In 2019, Pope competed in the 6-day Marathon des Sables ultramarathon, covering 156 miles (250 km) across the Sahara Desert while carrying all food. He finished 14th overall.

== "Forrest Gump" run and charity fundraising ==
In 2016, Pope quit his job as an emergency veterinarian and began his Forrest Gump run which would see him run across the United States of America more than four complete times, in a bid to recreate the 15,300-mile route run by Tom Hanks' fictional character. On May 11, 2018, after 422 days of running, he became the first person to complete this route, as well as the first person to cross the US four times on foot. Pope is estimated to have run 15,607 miles (approximately 600 marathons), made more than 24 million total steps and averaged 37 miles a day. Included in these totals are the New York, Boston, Manchester, Brighton and London marathons, completed during various breaks within the 422-day period. His first act on completion of his run was to propose to his girlfriend, Nadine Strawbridge, who was waiting with their newborn daughter, Bee.
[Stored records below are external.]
lemma l2_opnorm_block_decay_le:
  fixes M :: "nat \<Rightarrow> nat \<Rightarrow> real" and blk :: "nat \<Rightarrow> nat" and C q \<epsilon> :: real
  assumes "0 < q" "q < 1" "0 \<le> C" "0 < \<epsilon>"
    and entry: "\<And>i j. \<bar>M i j\<bar> \<le> C * q powr ((1/2 + \<epsilon>) * \<bar>real (blk i) - real (blk j)\<bar>)"
    and row_count_finite: "\<And>i k. finite {j. blk j = k \<and> M i j \<noteq> 0}"
    and row_count: "\<And>i k. real (card {j. blk j = k \<and> M i j \<noteq> 0}) \<le> C * q powr (real (min k (blk i)) - real k)"
    and col_count_finite: "\<And>j l. finite {i. blk i = l \<and> M i j \<noteq> 0}"
    and col_count: "\<And>j l. real (card {i. blk i = l \<and> M i j \<noteq> 0}) \<le> C * q powr (real (min (blk j) l) - real l)"
    and band: "\<And>i j. \<bar>real (blk i) - real (blk j)\<bar> \<le> real r \<Longrightarrow> M i j = 0"
  shows "l2_opnorm M \<le> ereal (2 * C^2 / (1 - q powr \<epsilon>) * q powr (\<epsilon> * real r))"
proof (rule l2_opnorm_le_schur[where p = "\<lambda>j. q powr (real (blk j) / 2)"])
  show "0 < q powr (real (blk j) / 2)" for j
    using assms(1) by simp
  have "q powr \<epsilon> < 1"
    using assms(1,2,4) powr_less_mono2[of \<epsilon> q 1] by simp
  thus "0 \<le> 2 * C^2 / (1 - q powr \<epsilon>) * q powr (\<epsilon> * real r)"
    by simp
  show "(\<Sum>j\<in>F. \<bar>M i j\<bar> * q powr (real (blk j) / 2))
      \<le> 2 * C^2 / (1 - q powr \<epsilon>) * q powr (\<epsilon> * real r) * q powr (real (blk i) / 2)"
    if "finite F" for i F
    using assms(1-4) that entry row_count_finite row_count band by (rule row_weighted_sum_le)
  show "(\<Sum>i\<in>F. \<bar>M i j\<bar> * q powr (real (blk i) / 2))
      \<le> 2 * C^2 / (1 - q powr \<epsilon>) * q powr (\<epsilon> * real r) * q powr (real (blk j) / 2)"
    if "finite F" for j F
  proof (rule row_weighted_sum_le[where M = "\<lambda>j i. M i j"])
    show "\<bar>M i' j'\<bar> \<le> C * q powr ((1/2 + \<epsilon>) * \<bar>real (blk j') - real (blk i')\<bar>)" for i' j'
      using entry[of i' j'] by (simp add: abs_minus_commute)
    show "real (card {i. blk i = k \<and> M i j' \<noteq> 0}) \<le> C * q powr (real (min k (blk j')) - real k)" for j' k
      using col_count[where j = j' and l = k] by (simp add: min.commute)
    show "M i' j' = 0" if "\<bar>real (blk j') - real (blk i')\<bar> \<le> real r" for i' j'
      using band[of i' j'] that by (simp add: abs_minus_commute)
  qed (use assms(1-4) that col_count_finite in auto)
qed

theorem lemma8p3:
  fixes C q \<epsilon> :: real
  assumes "0 < q" and "q < 1" and "C > 0" and "\<epsilon> > 0"
  shows "\<exists>Cgeo > 0. \<forall>(M :: nat \<Rightarrow> nat \<Rightarrow> real) (blk :: nat \<Rightarrow> nat) (r :: nat).
    ((\<forall>i j. \<bar>M i j\<bar> \<le> C * q powr ((1/2 + \<epsilon>) * \<bar>real (blk i) - real (blk j)\<bar>)) \<and>
     (\<forall>i k. finite {j. blk j = k \<and> M i j \<noteq> 0} \<and>
        real (card {j. blk j = k \<and> M i j \<noteq> 0})
          \<le> C * q powr (real (min k (blk i)) - real k)) \<and>
     (\<forall>j l. finite {i. blk i = l \<and> M i j \<noteq> 0} \<and>
        real (card {i. blk i = l \<and> M i j \<noteq> 0})
          \<le> C * q powr (real (min (blk j) l) - real l)) \<and>
     (\<forall>i j. \<bar>real (blk i) - real (blk j)\<bar> \<le> real r \<longrightarrow> M i j = 0))
    \<longrightarrow> l2_opnorm M \<le> ereal (Cgeo * q powr (\<epsilon> * real r))"
proof (intro exI[of _ "2 * C^2 / (1 - q powr \<epsilon>)"] conjI allI impI)
  have "q powr \<epsilon> < 1"
    using assms powr_less_mono2[of \<epsilon> q 1] by simp
  thus "0 < 2 * C^2 / (1 - q powr \<epsilon>)"
    using assms(3) by simp
qed (elim conjE, rule l2_opnorm_block_decay_le, use assms in auto)

end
Pope sought sponsorship for the Forrest Gump run, raising nearly £38,000 for the charities Peace Direct and the World Wildlife Fund. In recognition of his charitable efforts, Pope attended Prince Charles' 70th birthday celebrations.

Pope's self-penned book recounting of his American run, "Becoming Forrest: One Man's Epic Run Across America", was published by Harper Collins in 2021.